Data records
(* Let $G$ be a graph on $n\geq 3$ vertices and let $k$ be an integer with $2\leq k<n$. Suppose that every connected graph $H$ on $N$ vertices with $2\leq N\leq n$ satisfies the implication $\psi_{N-1}(H)=2\Rightarrow \psi_N(H)=1$. Then $\psi_k(G)=n-k+1$ implies $\psi_j(G)=n-j+1$ for all integers $j$ with $k<j\leq n$.
   Context: All graphs are finite, simple and nonempty. For a graph $G$ and a positive integer $k$, a $k$-path vertex cover ($k$-PVC) of $G$ is a set $S$ of vertices such that every path on $k$ vertices in $G$ contains at least one vertex of $S$ (if $G$ has no path on $k$ vertices, the empty set is a $k$-PVC). $\psi_k(G)$ denotes the minimum cardinality of a $k$-PVC of $G$. *)

theory Defs
  imports Main
begin

definition graph :: "'a set \<Rightarrow> ('a \<Rightarrow> 'a \<Rightarrow> bool) \<Rightarrow> bool" where
  "graph V E \<longleftrightarrow> finite V \<and> V \<noteq> {} \<and>
     (\<forall>x y. E x y \<longrightarrow> x \<in> V \<and> y \<in> V) \<and>
     (\<forall>x y. E x y \<longrightarrow> E y x) \<and> (\<forall>x. \<not> E x x)"

definition connected_graph :: "'a set \<Rightarrow> ('a \<Rightarrow> 'a \<Rightarrow> bool) \<Rightarrow> bool" where
  "connected_graph V E \<longleftrightarrow> (\<forall>u\<in>V. \<forall>v\<in>V. E\<^sup>*\<^sup>* u v)"

definition is_path :: "'a set \<Rightarrow> ('a \<Rightarrow> 'a \<Rightarrow> bool) \<Rightarrow> nat \<Rightarrow> 'a list \<Rightarrow> bool" where
  "is_path V E k p \<longleftrightarrow> length p = k \<and> distinct p \<and> set p \<subseteq> V \<and>
     (\<forall>i. Suc i < length p \<longrightarrow> E (p ! i) (p ! Suc i))"

definition is_kpvc :: "'a set \<Rightarrow> ('a \<Rightarrow> 'a \<Rightarrow> bool) \<Rightarrow> nat \<Rightarrow> 'a set \<Rightarrow> bool" where
  "is_kpvc V E k S \<longleftrightarrow> S \<subseteq> V \<and> (\<forall>p. is_path V E k p \<longrightarrow> set p \<inter> S \<noteq> {})"

definition psi :: "'a set \<Rightarrow> ('a \<Rightarrow> 'a \<Rightarrow> bool) \<Rightarrow> nat \<Rightarrow> nat" where
  "psi V E k = Min {card S | S. is_kpvc V E k S}"

end

theory Submission
  imports Defs
begin

text \<open>\<open>\<psi>\<^sub>k(G) = n - k + 1\<close> holds exactly when every \<open>k\<close>-subset of vertices is
  the vertex set of a path, because a \<open>k\<close>-subset spanning no path has the \<open>(n - k)\<close>-element
  complement as a \<open>k\<close>-PVC. Suppose every \<open>j\<close>-subset spans a path and let \<open>T\<close> have \<open>j + 1\<close>
  vertices. In the subgraph induced on \<open>T\<close> every set of all but one vertex spans a path, so
  this subgraph is connected and has \<open>\<psi>\<^sub>j = 2\<close>; the hypothesis gives \<open>\<psi>\<^sub>j\<^sub>+\<^sub>1 = 1\<close>, i.e. \<open>T\<close>
  spans a path.\<close>

definition traceable :: "'a set \<Rightarrow> ('a \<Rightarrow> 'a \<Rightarrow> bool) \<Rightarrow> 'a set \<Rightarrow> bool" where
  "traceable V E T \<longleftrightarrow> (\<exists>p. is_path V E (card T) p \<and> set p = T)"

definition k_traceable :: "'a set \<Rightarrow> ('a \<Rightarrow> 'a \<Rightarrow> bool) \<Rightarrow> nat \<Rightarrow> bool" where
  "k_traceable V E k \<longleftrightarrow> (\<forall>T\<subseteq>V. card T = k \<longrightarrow> traceable V E T)"

lemma card_set_path: "is_path V E k p \<Longrightarrow> card (set p) = k"
  unfolding is_path_def by (simp add: distinct_card)

lemma is_path_map:
  assumes "is_path V E m p" "inj_on f V" "f ` V \<subseteq> V'"
    and "\<And>x y. x \<in> V \<Longrightarrow> y \<in> V \<Longrightarrow> E x y \<Longrightarrow> E' (f x) (f y)"
  shows "is_path V' E' m (map f p)"
proof -
  have "set p \<subseteq> V" "\<And>i. Suc i < length p \<Longrightarrow> E (p ! i) (p ! Suc i)"
    using assms(1) unfolding is_path_def by auto
  then show ?thesis
    using assms unfolding is_path_def by (auto simp: distinct_map inj_on_subset subset_iff)
qed

lemma is_path_restrict: "is_path V E m p \<Longrightarrow> set p \<subseteq> T \<Longrightarrow> is_path T E m p"
  unfolding is_path_def by simp

lemma is_path_reaches_from_head:
  assumes "is_path V E m p" "i < length p"
  shows "E\<^sup>*\<^sup>* (p ! 0) (p ! i)"
  using assms(2)
proof (induction i)
  case (Suc i)
  then have "E (p ! i) (p ! Suc i)" using assms(1) unfolding is_path_def by simp
  with Suc show ?case by (simp add: rtranclp.rtrancl_into_rtrancl)
qed simp

lemma finite_kpvc_cards:
  assumes "finite V"
  shows "finite {card S | S. is_kpvc V E k S}"
proof (rule finite_subset)
  show "{card S | S. is_kpvc V E k S} \<subseteq> {0..card V}"
    unfolding is_kpvc_def using assms card_mono by fastforce
qed simp

lemma psi_le_card: "finite V \<Longrightarrow> is_kpvc V E k S \<Longrightarrow> psi V E k \<le> card S"
  unfolding psi_def by (auto intro: Min_le finite_kpvc_cards)

lemma psi_ge:
  assumes "finite V" "1 \<le> k" "\<And>S. is_kpvc V E k S \<Longrightarrow> c \<le> card S"
  shows "c \<le> psi V E k"
proof -
  have "is_kpvc V E k V"
    using assms(2) unfolding is_kpvc_def is_path_def by (auto simp: Int_absorb2)
  then show ?thesis
    unfolding psi_def using assms(3) finite_kpvc_cards[OF assms(1)] by (subst Min_ge_iff) auto
qed

lemma is_kpvc_if_card_large:
  assumes "finite V" "S \<subseteq> V" "card V - k < card S"
  shows "is_kpvc V E k S"
  unfolding is_kpvc_def
proof (intro conjI allI impI)
  fix p assume p: "is_path V E k p"
  show "set p \<inter> S \<noteq> {}"
  proof
    assume "set p \<inter> S = {}"
    then have "set p \<subseteq> V - S" using p unfolding is_path_def by auto
    then have "k \<le> card (V - S)"
      using card_mono[of "V - S" "set p"] assms(1) card_set_path[OF p] by simp
    moreover have "card (V - S) = card V - card S" "card S \<le> card V"
      using assms(1,2) by (auto simp: card_Diff_subset finite_subset card_mono)
    ultimately show False using assms(3) by linarith
  qed
qed fact

lemma is_kpvc_compl_if_not_traceable:
  assumes "finite V" "T \<subseteq> V" "card T = k" "\<not> traceable V E T"
  shows "is_kpvc V E k (V - T)"
  unfolding is_kpvc_def
proof (intro conjI allI impI)
  fix p assume p: "is_path V E k p"
  show "set p \<inter> (V - T) \<noteq> {}"
  proof
    assume "set p \<inter> (V - T) = {}"
    then have "set p \<subseteq> T" using p unfolding is_path_def by auto
    then have "set p = T"
      using card_set_path[OF p] assms(1-3) by (metis card_subset_eq finite_subset)
    then show False using assms(3,4) p unfolding traceable_def by blast
  qed
qed auto

lemma psi_eq_iff_k_traceable:
  assumes "finite V" "1 \<le> k" "k \<le> card V"
  shows "psi V E k = card V - k + 1 \<longleftrightarrow> k_traceable V E k"
proof
  assume psi: "psi V E k = card V - k + 1"
  show "k_traceable V E k"
    unfolding k_traceable_def
  proof (intro allI impI, rule ccontr)
    fix T assume T: "T \<subseteq> V" "card T = k" "\<not> traceable V E T"
    have "psi V E k \<le> card (V - T)"
      using psi_le_card is_kpvc_compl_if_not_traceable T assms(1) by blast
    moreover have "card (V - T) = card V - k"
      using T(1,2) assms(1) by (simp add: card_Diff_subset finite_subset)
    ultimately show False using psi by linarith
  qed
next
  assume trace: "k_traceable V E k"
  have "card V - k + 1 \<le> card V" using assms(2,3) by simp
  then obtain S where S: "S \<subseteq> V" "card S = card V - k + 1"
    using obtain_subset_with_card_n by metis
  have "is_kpvc V E k S" using is_kpvc_if_card_large[OF assms(1) S(1)] S(2) by simp
  then have "psi V E k \<le> card V - k + 1" using psi_le_card[OF assms(1)] S(2) by metis
  moreover have "card V - k + 1 \<le> card S" if S': "is_kpvc V E k S" for S
  proof (rule ccontr)
    assume "\<not> ?thesis"
    moreover have "S \<subseteq> V" using S' unfolding is_kpvc_def by simp
    then have "card (V - S) = card V - card S" "card S \<le> card V"
      using assms(1) by (auto simp: card_Diff_subset finite_subset card_mono)
    ultimately have "k \<le> card (V - S)" using assms(3) by linarith
    then obtain T where T: "T \<subseteq> V - S" "card T = k"
      using obtain_subset_with_card_n by metis
    then obtain p where "is_path V E k p" "set p = T"
      using trace unfolding k_traceable_def traceable_def by auto
    with S' T show False unfolding is_kpvc_def by auto
  qed
  then have "card V - k + 1 \<le> psi V E k" using psi_ge assms(1,2) by blast
  ultimately show "psi V E k = card V - k + 1" by simp
qed

lemma connected_if_k_traceable_card_minus_one:
  assumes g: "graph W F" and "3 \<le> card W" and trace: "k_traceable W F (card W - 1)"
  shows "connected_graph W F"
  unfolding connected_graph_def
proof (intro ballI)
  fix u v assume uv: "u \<in> W" "v \<in> W"
  have fin: "finite W" and sym: "symp F" using g unfolding graph_def by (auto intro: sympI)
  have "card {u, v} < card W" using \<open>3 \<le> card W\<close> by (cases "u = v") auto
  then have "\<not> W \<subseteq> {u, v}" by (meson card_mono finite.emptyI finite.insertI leD)
  then obtain w where w: "w \<in> W" "w \<notin> {u, v}" by blast
  have "card (W - {w}) = card W - 1" using w(1) fin by simp
  then obtain p where p: "is_path W F (card W - 1) p" "set p = W - {w}"
    using trace w(1) fin unfolding k_traceable_def traceable_def by (metis Diff_subset)
  have "u \<in> set p" "v \<in> set p" using p(2) uv w by auto
  then obtain i i' where i: "i < length p" "p ! i = u" and i': "i' < length p" "p ! i' = v"
    unfolding in_set_conv_nth by blast
  have "F\<^sup>*\<^sup>* u (p ! 0)"
    using is_path_reaches_from_head[OF p(1) i(1)] i(2) sympD[OF symp_rtranclp[OF sym]] by simp
  also have "F\<^sup>*\<^sup>* (p ! 0) v" using is_path_reaches_from_head[OF p(1) i'(1)] i'(2) by simp
  finally show "F\<^sup>*\<^sup>* u v" .
qed

text \<open>The hypothesis of the theorem only speaks about graphs on \<^typ>\<open>nat\<close>.\<close>

lemma induced_subgraph_relabelled:
  fixes V :: "'a set" and T :: "'a set"
  assumes g: "graph V E" and T: "T \<subseteq> V" "T \<noteq> {}"
  obtains W :: "nat set" and F g where "graph W F" "bij_betw g W T"
    and "\<And>U. U \<subseteq> W \<Longrightarrow> traceable W F U \<longleftrightarrow> traceable V E (g ` U)"
proof -
  have finT: "finite T" using g T finite_subset unfolding graph_def by blast
  define W where "W = {0..<card T}"
  obtain g where bij: "bij_betw g W T"
    using finite_same_card_bij[of W T] finT unfolding W_def by auto
  then have inj: "inj_on g W" and img: "g ` W = T" unfolding bij_betw_def by auto
  define F where "F x y \<longleftrightarrow> x \<in> W \<and> y \<in> W \<and> E (g x) (g y)" for x y
  define h where "h = inv_into W g"
  have h: "h y \<in> W" "g (h y) = y" if "y \<in> g ` W" for y
    unfolding h_def using that by (rule inv_into_into, rule f_inv_into_f)
  have inj_h: "inj_on h T" unfolding h_def using img by (simp add: inj_on_inv_into)
  have graph: "graph W F"
    using g finT T unfolding graph_def F_def W_def by (auto simp: card_gt_0_iff)
  have "traceable W F U \<longleftrightarrow> traceable V E (g ` U)" if U: "U \<subseteq> W" for U
  proof
    assume "traceable W F U"
    then obtain p where p: "is_path W F (card U) p" "set p = U" unfolding traceable_def by blast
    moreover have "is_path V E (card U) (map g p)"
      using is_path_map[OF p(1) inj, of V E] img T by (auto simp: F_def)
    ultimately show "traceable V E (g ` U)"
      unfolding traceable_def using card_image[OF inj_on_subset[OF inj U]] by auto
  next
    assume "traceable V E (g ` U)"
    then obtain q where q: "is_path V E (card (g ` U)) q" "set q = g ` U"
      unfolding traceable_def by blast
    have "set q \<subseteq> T" using q(2) U img by auto
    then have "is_path T E (card U) q"
      using is_path_restrict q(1) card_image[OF inj_on_subset[OF inj U]] by metis
    then have "is_path W F (card U) (map h q)"
      by (rule is_path_map) (auto simp: F_def h inj_h img)
    moreover have "set (map h q) = U"
      using q(2) inv_into_image_cancel[OF inj U] by (simp add: h_def)
    ultimately show "traceable W F U" unfolding traceable_def by blast
  qed
  with that graph bij show thesis by blast
qed

lemma k_traceable_Suc:
  assumes g: "graph V E" and "2 \<le> j" "j < card V"
    and hyp: "\<forall>(W :: nat set) (F :: nat \<Rightarrow> nat \<Rightarrow> bool) N.
                graph W F \<and> connected_graph W F \<and> card W = N \<and> 2 \<le> N \<and> N \<le> card V
                \<and> psi W F (N - 1) = 2 \<longrightarrow> psi W F N = 1"
    and trace: "k_traceable V E j"
  shows "k_traceable V E (Suc j)"
  unfolding k_traceable_def
proof (intro allI impI)
  fix T assume T: "T \<subseteq> V" "card T = Suc j"
  then have "T \<noteq> {}" by auto
  with induced_subgraph_relabelled[OF g T(1)] obtain W :: "nat set" and F g
    where gW: "graph W F" and bij: "bij_betw g W T"
      and transfer: "\<And>U. U \<subseteq> W \<Longrightarrow> traceable W F U \<longleftrightarrow> traceable V E (g ` U)"
    by metis
  have inj: "inj_on g W" and img: "g ` W = T" using bij by (auto simp: bij_betw_def)
  have cW: "card W = Suc j" using bij T(2) by (simp add: bij_betw_same_card)
  have finW: "finite W" using gW unfolding graph_def by simp
  have trace_W: "k_traceable W F j"
    unfolding k_traceable_def
  proof (intro allI impI)
    fix U assume U: "U \<subseteq> W" "card U = j"
    have "g ` U \<subseteq> V" "card (g ` U) = j"
      using U img T(1) card_image[OF inj_on_subset[OF inj U(1)]] by auto
    then show "traceable W F U" using transfer[OF U(1)] trace unfolding k_traceable_def by blast
  qed
  have "psi W F j = 2"
    using psi_eq_iff_k_traceable[OF finW, of j F] trace_W cW assms(2) by (simp add: numeral_2_eq_2)
  moreover have "connected_graph W F"
    using connected_if_k_traceable_card_minus_one[OF gW] trace_W cW assms(2) by simp
  ultimately have "psi W F (Suc j) = 1"
    using hyp[rule_format, of W F "Suc j"] gW cW assms(2,3) by simp
  then have "k_traceable W F (card W)"
    using psi_eq_iff_k_traceable[OF finW, of "card W"] cW by simp
  then have "traceable W F W" unfolding k_traceable_def by blast
  then show "traceable V E T" using transfer[of W] img by simp
qed

theorem mainTheorem10:
  fixes V :: "'a set" and E :: "'a \<Rightarrow> 'a \<Rightarrow> bool" and n k :: nat
  assumes "graph V E" and "card V = n" and "n \<ge> 3"
    and "2 \<le> k" and "k < n"
    and hyp: "\<forall>(W :: nat set) (F :: nat \<Rightarrow> nat \<Rightarrow> bool) N.
                graph W F \<and> connected_graph W F \<and> card W = N \<and> 2 \<le> N \<and> N \<le> n
                \<and> psi W F (N - 1) = 2 \<longrightarrow> psi W F N = 1"
    and "psi V E k = n - k + 1"
  shows "\<forall>j. k < j \<and> j \<le> n \<longrightarrow> psi V E j = n - j + 1"
proof (intro allI impI)
  fix j assume j: "k < j \<and> j \<le> n"
  have fin: "finite V" using assms(1) unfolding graph_def by simp
  have "k_traceable V E (k + d)" if "k + d \<le> n" for d
    using that
  proof (induction d)
    case 0
    then show ?case using psi_eq_iff_k_traceable[OF fin] assms(2,4,5,7) by simp
  next
    case (Suc d)
    then show ?case using k_traceable_Suc[OF assms(1)] hyp assms(2,4) by simp
  qed
  from this[of "j - k"] show "psi V E j = n - j + 1"
    using psi_eq_iff_k_traceable[OF fin] j assms(2,4) by simp
qed

end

§ **Goal of the exercise**
When a line above contains the string "linarith", copy that line.

§ **Output for this task**
    ultimately show False using assms(3) by linarith
    ultimately show False using psi by linarith
    ultimately have "k \<le> card (V - S)" using assms(3) by linarith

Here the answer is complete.